Послесловие к «Хранить вечно» Льва Копелева
При чтении этой книги, в которой есть черты «Симплициссимуса», нельзя ни на минуту забывать девиз:Хранить вечно.Так выглядела стандартная пометка на всех судебных актах, касающихся преступлений по статье 58, статье о государственных преступлениях. А после этой пометки идет личная, от автора: «Это — история одного «дела» и вместе с тем — попытка исповеди». Книга начинается также с заголовка: «Первые дни вечности», а ее заключительная глава носит название: «Вечность продолжается».

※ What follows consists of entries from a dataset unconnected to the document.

text \<open>
  The tracking error obeys the one-step bound
  \<open>\<parallel>x\<^sub>t - x\<^sub>t\<^sup>*\<parallel> \<le> \<rho> \<parallel>x\<^sub>t\<^sub>-\<^sub>1 - x\<^sub>t\<^sup>*\<parallel> + \<alpha> \<parallel>e\<^sub>t\<parallel>\<close>:
  combine the obtuse-angle property of the projection onto \<open>X\<^sub>t\<close> with the first-order
  optimality of \<open>x\<^sub>t\<^sup>*\<close>, and use that the gradient step \<open>x \<mapsto> x - \<alpha> \<nabla>f\<^sub>t x\<close> is a
  \<open>\<rho>\<close>-contraction when tested against differences of points of \<open>X\<close>. The triangle inequality
  through \<open>x\<^sub>t\<^sub>-\<^sub>1\<^sup>*\<close> and summation of the resulting linear recursion give the bound.

  The contraction is the delicate part, because \<open>f\<^sub>t\<close> is smooth and strongly convex only on
  \<open>X\<close>, while the usual proof of co-coercivity of \<open>\<nabla>h\<close> for \<open>h = f\<^sub>t - \<gamma>/2 \<parallel>\<cdot>\<parallel>\<^sup>2\<close>
  evaluates \<open>h\<close> outside \<open>X\<close>. Instead, a two-point inequality is proved around midpoints
  having room in the test direction, telescoped along segments in the relative interior, and
  extended to the relative boundary by continuity.
\<close>

lemma is_gradient_along_line:
  assumes "is_gradient f g"
  shows "((\<lambda>s. f (z + s *\<^sub>R w)) has_real_derivative g (z + s *\<^sub>R w) \<bullet> w) (at s)"
proof -
  have "((\<lambda>s. z + s *\<^sub>R w) has_derivative (\<lambda>h. h *\<^sub>R w)) (at s)"
    by (auto intro!: derivative_eq_intros)
  from has_derivative_compose[OF this] assms
  have "((\<lambda>s. f (z + s *\<^sub>R w)) has_derivative (\<lambda>h. g (z + s *\<^sub>R w) \<bullet> (h *\<^sub>R w))) (at s)"
    unfolding is_gradient_def by blast
  then show ?thesis
    by (simp add: has_field_derivative_def mult_commute_abs)
qed

lemma L_smooth_on_descent:
  fixes f :: "'a::real_inner \<Rightarrow> real"
  assumes grad: "is_gradient f g" and smooth: "L_smooth_on L X g" and "convex X"
    and z: "z \<in> X" and zw: "z + w \<in> X"
  shows "f (z + w) \<le> f z + g z \<bullet> w + L / 2 * (norm w)\<^sup>2"
proof -
  define q where "q s = f (z + s *\<^sub>R w) - s * (g z \<bullet> w) - L / 2 * s\<^sup>2 * (norm w)\<^sup>2" for s
  have "q 1 \<le> q 0"
  proof (rule DERIV_nonpos_imp_nonincreasing[of 0 1 q])
    fix s :: real assume s: "0 \<le> s" "s \<le> 1"
    have "(1 - s) *\<^sub>R z + s *\<^sub>R (z + w) \<in> X"
      using convexD_alt[OF \<open>convex X\<close> z zw] s by blast
    then have zs: "z + s *\<^sub>R w \<in> X"
      by (simp add: algebra_simps)
    have "(g (z + s *\<^sub>R w) - g z) \<bullet> w \<le> norm (g (z + s *\<^sub>R w) - g z) * norm w"
      by (rule norm_cauchy_schwarz)
    also have "\<dots> \<le> L * norm (s *\<^sub>R w) * norm w"
      using smooth zs z unfolding L_smooth_on_def by (intro mult_right_mono) force+
    also have "\<dots> = L * s * (norm w)\<^sup>2"
      using s by (simp add: power2_eq_square)
    finally have "g (z + s *\<^sub>R w) \<bullet> w - g z \<bullet> w - L / 2 * (2 * s) * (norm w)\<^sup>2 \<le> 0"
      by (simp add: inner_diff_left)
    moreover have "DERIV q s :> g (z + s *\<^sub>R w) \<bullet> w - g z \<bullet> w - L / 2 * (2 * s) * (norm w)\<^sup>2"
      unfolding q_def[abs_def]
      by (auto intro!: derivative_eq_intros is_gradient_along_line[OF grad])
    ultimately show "\<exists>y. DERIV q s :> y \<and> y \<le> 0"
      by blast
  qed simp
  then show ?thesis
    by (simp add: q_def)
qed

lemma is_argmin_on_variational_inequality:
  assumes grad: "is_gradient f g" and "convex S" and min: "is_argmin_on f S xs" and y: "y \<in> S"
  shows "g xs \<bullet> (y - xs) \<ge> 0"
proof (rule ccontr)
  assume "\<not> ?thesis"
  then obtain d where "d > 0" and descent: "\<And>h. 0 < h \<Longrightarrow> h < d \<Longrightarrow> f (xs + h *\<^sub>R (y - xs)) < f xs"
    using DERIV_neg_dec_right[OF is_gradient_along_line[OF grad, of xs "y - xs" 0]] by auto
  define h where "h = min (d / 2) 1"
  have "0 < h" "h < d" "h \<le> 1"
    using \<open>d > 0\<close> by (auto simp: h_def)
  have "xs \<in> S"
    using min unfolding is_argmin_on_def by blast
  have "(1 - h) *\<^sub>R xs + h *\<^sub>R y \<in> S"
    using convexD_alt[OF \<open>convex S\<close> \<open>xs \<in> S\<close> y] \<open>0 < h\<close> \<open>h \<le> 1\<close> by simp
  then have "f xs \<le> f (xs + h *\<^sub>R (y - xs))"
    using min unfolding is_argmin_on_def by (simp add: algebra_simps)
  with descent[OF \<open>0 < h\<close> \<open>h < d\<close>] show False
    by simp
qed

lemma L_smooth_on_continuous_on:
  assumes "L_smooth_on L X g"
  shows "continuous_on X g"
proof (rule lipschitz_on_continuous_on)
  show "\<bar>L\<bar>-lipschitz_on X g"
  proof (rule lipschitz_onI)
    fix x y assume "x \<in> X" "y \<in> X"
    then have "dist (g x) (g y) \<le> L * dist x y"
      using assms unfolding L_smooth_on_def dist_norm by blast
    also have "\<dots> \<le> \<bar>L\<bar> * dist x y"
      by (simp add: mult_right_mono)
    finally show "dist (g x) (g y) \<le> \<bar>L\<bar> * dist x y" .
  qed simp
qed

lemma strongly_convex_on_shifted_lower:
  assumes "strongly_convex_on \<gamma> X f g" and "x \<in> X" and "z \<in> X"
  shows "f x - \<gamma> / 2 * (norm x)\<^sup>2 + (g x - \<gamma> *\<^sub>R x) \<bullet> (z - x) \<le> f z - \<gamma> / 2 * (norm z)\<^sup>2"
proof -
  have "f x + g x \<bullet> (z - x) + \<gamma> / 2 * (norm (z - x))\<^sup>2 \<le> f z"
    using assms unfolding strongly_convex_on_def by blast
  moreover have "(norm (z - x))\<^sup>2 = (norm z)\<^sup>2 - 2 * (x \<bullet> z) + (norm x)\<^sup>2"
    by (simp add: power2_norm_eq_inner inner_diff_left inner_diff_right inner_commute)
  moreover have "(g x - \<gamma> *\<^sub>R x) \<bullet> (z - x) = g x \<bullet> (z - x) - \<gamma> * (x \<bullet> z) + \<gamma> * (norm x)\<^sup>2"
    by (simp add: power2_norm_eq_inner inner_diff_left inner_diff_right inner_commute algebra_simps)
  ultimately show ?thesis
    by (simp add: algebra_simps dot_square_norm)
qed

lemma L_smooth_on_shifted_upper:
  fixes f :: "'a::real_inner \<Rightarrow> real"
  assumes "is_gradient f g" and "L_smooth_on L X g" and "convex X" and "z \<in> X" and "z + w \<in> X"
  shows "f (z + w) - \<gamma> / 2 * (norm (z + w))\<^sup>2
    \<le> f z - \<gamma> / 2 * (norm z)\<^sup>2 + (g z - \<gamma> *\<^sub>R z) \<bullet> w + (L - \<gamma>) / 2 * (norm w)\<^sup>2"
proof -
  have "f (z + w) \<le> f z + g z \<bullet> w + L / 2 * (norm w)\<^sup>2"
    by (rule L_smooth_on_descent[OF assms])
  moreover have "(norm (z + w))\<^sup>2 = (norm z)\<^sup>2 + 2 * (z \<bullet> w) + (norm w)\<^sup>2"
    by (simp add: power2_norm_eq_inner inner_add_left inner_add_right inner_commute)
  ultimately show ?thesis
    by (simp add: inner_diff_left field_simps)
qed

text \<open>For \<open>h = f - \<gamma>/2 \<parallel>\<cdot>\<parallel>\<^sup>2\<close>, with gradient \<open>g - \<gamma> id\<close>, non-positivity of this defect
  for all \<open>v \<in> X - X\<close> is the substitute for co-coercivity of \<open>\<nabla>h\<close> with constant \<open>L - \<gamma>\<close>.\<close>
definition grad_defect :: "('a::real_inner \<Rightarrow> 'a) \<Rightarrow> real \<Rightarrow> real \<Rightarrow> 'a \<Rightarrow> 'a \<Rightarrow> 'a \<Rightarrow> real" where
  "grad_defect g \<gamma> K x y v =
     ((g x - \<gamma> *\<^sub>R x) - (g y - \<gamma> *\<^sub>R y)) \<bullet> v - K / 2 * ((x - y) \<bullet> v) - K / 2 * norm (x - y) * norm v"

lemma grad_defect_scaleR: "0 \<le> c \<Longrightarrow> grad_defect g \<gamma> K x y (c *\<^sub>R v) = c * grad_defect g \<gamma> K x y v"
  by (simp add: grad_defect_def algebra_simps)

lemma grad_defect_zero [simp]: "grad_defect g \<gamma> K x y 0 = 0" "grad_defect g \<gamma> K x x v = 0"
  by (simp_all add: grad_defect_def)

lemma shifted_gradient_pair_bound:
  fixes f :: "'a::real_inner \<Rightarrow> real"
  assumes grad: "is_gradient f g" and smooth: "L_smooth_on L X g" and "convex X"
    and sc: "strongly_convex_on \<gamma> X f g"
    and x: "x \<in> X" and y: "y \<in> X" and yw: "y + w \<in> X" and xw: "x - w \<in> X"
  shows "2 * (((g x - \<gamma> *\<^sub>R x) - (g y - \<gamma> *\<^sub>R y)) \<bullet> w) - (L - \<gamma>) * (norm w)\<^sup>2
    \<le> ((g x - \<gamma> *\<^sub>R x) - (g y - \<gamma> *\<^sub>R y)) \<bullet> (x - y)"
proof -
  define h where "h z = f z - \<gamma> / 2 * (norm z)\<^sup>2" for z
  define Gx where "Gx = g x - \<gamma> *\<^sub>R x"
  define Gy where "Gy = g y - \<gamma> *\<^sub>R y"
  have "h x + Gx \<bullet> (y + w - x) \<le> h (y + w)"
    using strongly_convex_on_shifted_lower[OF sc x yw] unfolding h_def Gx_def .
  moreover have "h (y + w) \<le> h y + Gy \<bullet> w + (L - \<gamma>) / 2 * (norm w)\<^sup>2"
    using L_smooth_on_shifted_upper[OF grad smooth \<open>convex X\<close> y yw] unfolding h_def Gy_def .
  moreover have "h y + Gy \<bullet> (x - w - y) \<le> h (x - w)"
    using strongly_convex_on_shifted_lower[OF sc y xw] unfolding h_def Gy_def .
  moreover have "h (x + - w) \<le> h x + Gx \<bullet> (- w) + (L - \<gamma>) / 2 * (norm (- w))\<^sup>2"
    using L_smooth_on_shifted_upper[OF grad smooth \<open>convex X\<close> x, of "- w" \<gamma>] xw unfolding h_def Gx_def by simp
  ultimately have "2 * ((Gx - Gy) \<bullet> w) - (L - \<gamma>) * (norm w)\<^sup>2 \<le> (Gx - Gy) \<bullet> (x - y)"
    by (simp add: inner_simps)
  then show ?thesis
    unfolding Gx_def Gy_def .
qed

lemma grad_defect_nonpos_local:
  fixes f :: "'a::real_inner \<Rightarrow> real"
  assumes grad: "is_gradient f g" and smooth: "L_smooth_on L X g" and "convex X"
    and sc: "strongly_convex_on \<gamma> X f g" and x: "x \<in> X" and y: "y \<in> X"
    and u: "norm u = norm (x - y) / 2"
    and plus: "(1/2) *\<^sub>R (x + y) + u \<in> X" and minus: "(1/2) *\<^sub>R (x + y) - u \<in> X"
  shows "grad_defect g \<gamma> (L - \<gamma>) x y u \<le> 0"
proof -
  define w where "w = (1/2) *\<^sub>R (x - y) + u"
  define U where "U = (g x - \<gamma> *\<^sub>R x) - (g y - \<gamma> *\<^sub>R y)"
  define K where "K = L - \<gamma>"
  define n where "n = norm (x - y)"
  have "y + w = (1/2) *\<^sub>R (x + y) + u" "x - w = (1/2) *\<^sub>R (x + y) - u"
    unfolding w_def by (simp_all add: algebra_simps flip: scaleR_2)
  then have "2 * (U \<bullet> w) - K * (norm w)\<^sup>2 \<le> U \<bullet> (x - y)"
    using shifted_gradient_pair_bound[OF grad smooth \<open>convex X\<close> sc x y, of w] plus minus
    unfolding U_def K_def by simp
  moreover have "(norm w)\<^sup>2 = n\<^sup>2 / 2 + (x - y) \<bullet> u"
  proof -
    have "(norm w)\<^sup>2 = n\<^sup>2 / 4 + (x - y) \<bullet> u + (norm u)\<^sup>2"
      unfolding w_def n_def by (simp add: power2_norm_eq_inner inner_simps inner_commute)
    moreover have "(norm u)\<^sup>2 = n\<^sup>2 / 4"
      unfolding u n_def by (simp add: power2_eq_square)
    ultimately show ?thesis
      by simp
  qed
  moreover have "2 * (U \<bullet> w) = U \<bullet> (x - y) + 2 * (U \<bullet> u)"
    unfolding w_def by (simp add: inner_add_right)
  ultimately have "2 * (U \<bullet> u) \<le> K * (n\<^sup>2 / 2 + (x - y) \<bullet> u)"
    by simp
  moreover have "n\<^sup>2 / 2 = n * norm u"
    unfolding u n_def by (simp add: power2_eq_square)
  ultimately have "U \<bullet> u \<le> K / 2 * ((x - y) \<bullet> u) + K / 2 * n * norm u"
    by (simp add: algebra_simps)
  then show ?thesis
    unfolding grad_defect_def U_def K_def n_def by simp
qed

Если уже само понятие «вечный» и «вечность», как Лев Копелев толкует вполне конкретное бюрократическое указание «вечно», лежит за пределами всех и всяческих марксистских категорий и знаменует собой вполне неожиданный поворот к метафизике, то вся книга в целом сулит еще больше неожиданностей. Между этими двумя заголовками располагается объемистый компендий и бестиарий, находят отражение различные процессы один в другом, один поверх другого, процессы в двойном смысле этого слова: в смысле судебного разбирательства и в смысле процесса развития, и это, последнее, тоже надлежит понимать в двойном смысле: процесс властей Советского Союза против автора и процесс автора против Советского Союза; развитие Советского Союза, развитие автора и развитие общества и сознания на разнообразных, практически на всех уровнях советского общества, от проституток и воров до генералов и прокуроров.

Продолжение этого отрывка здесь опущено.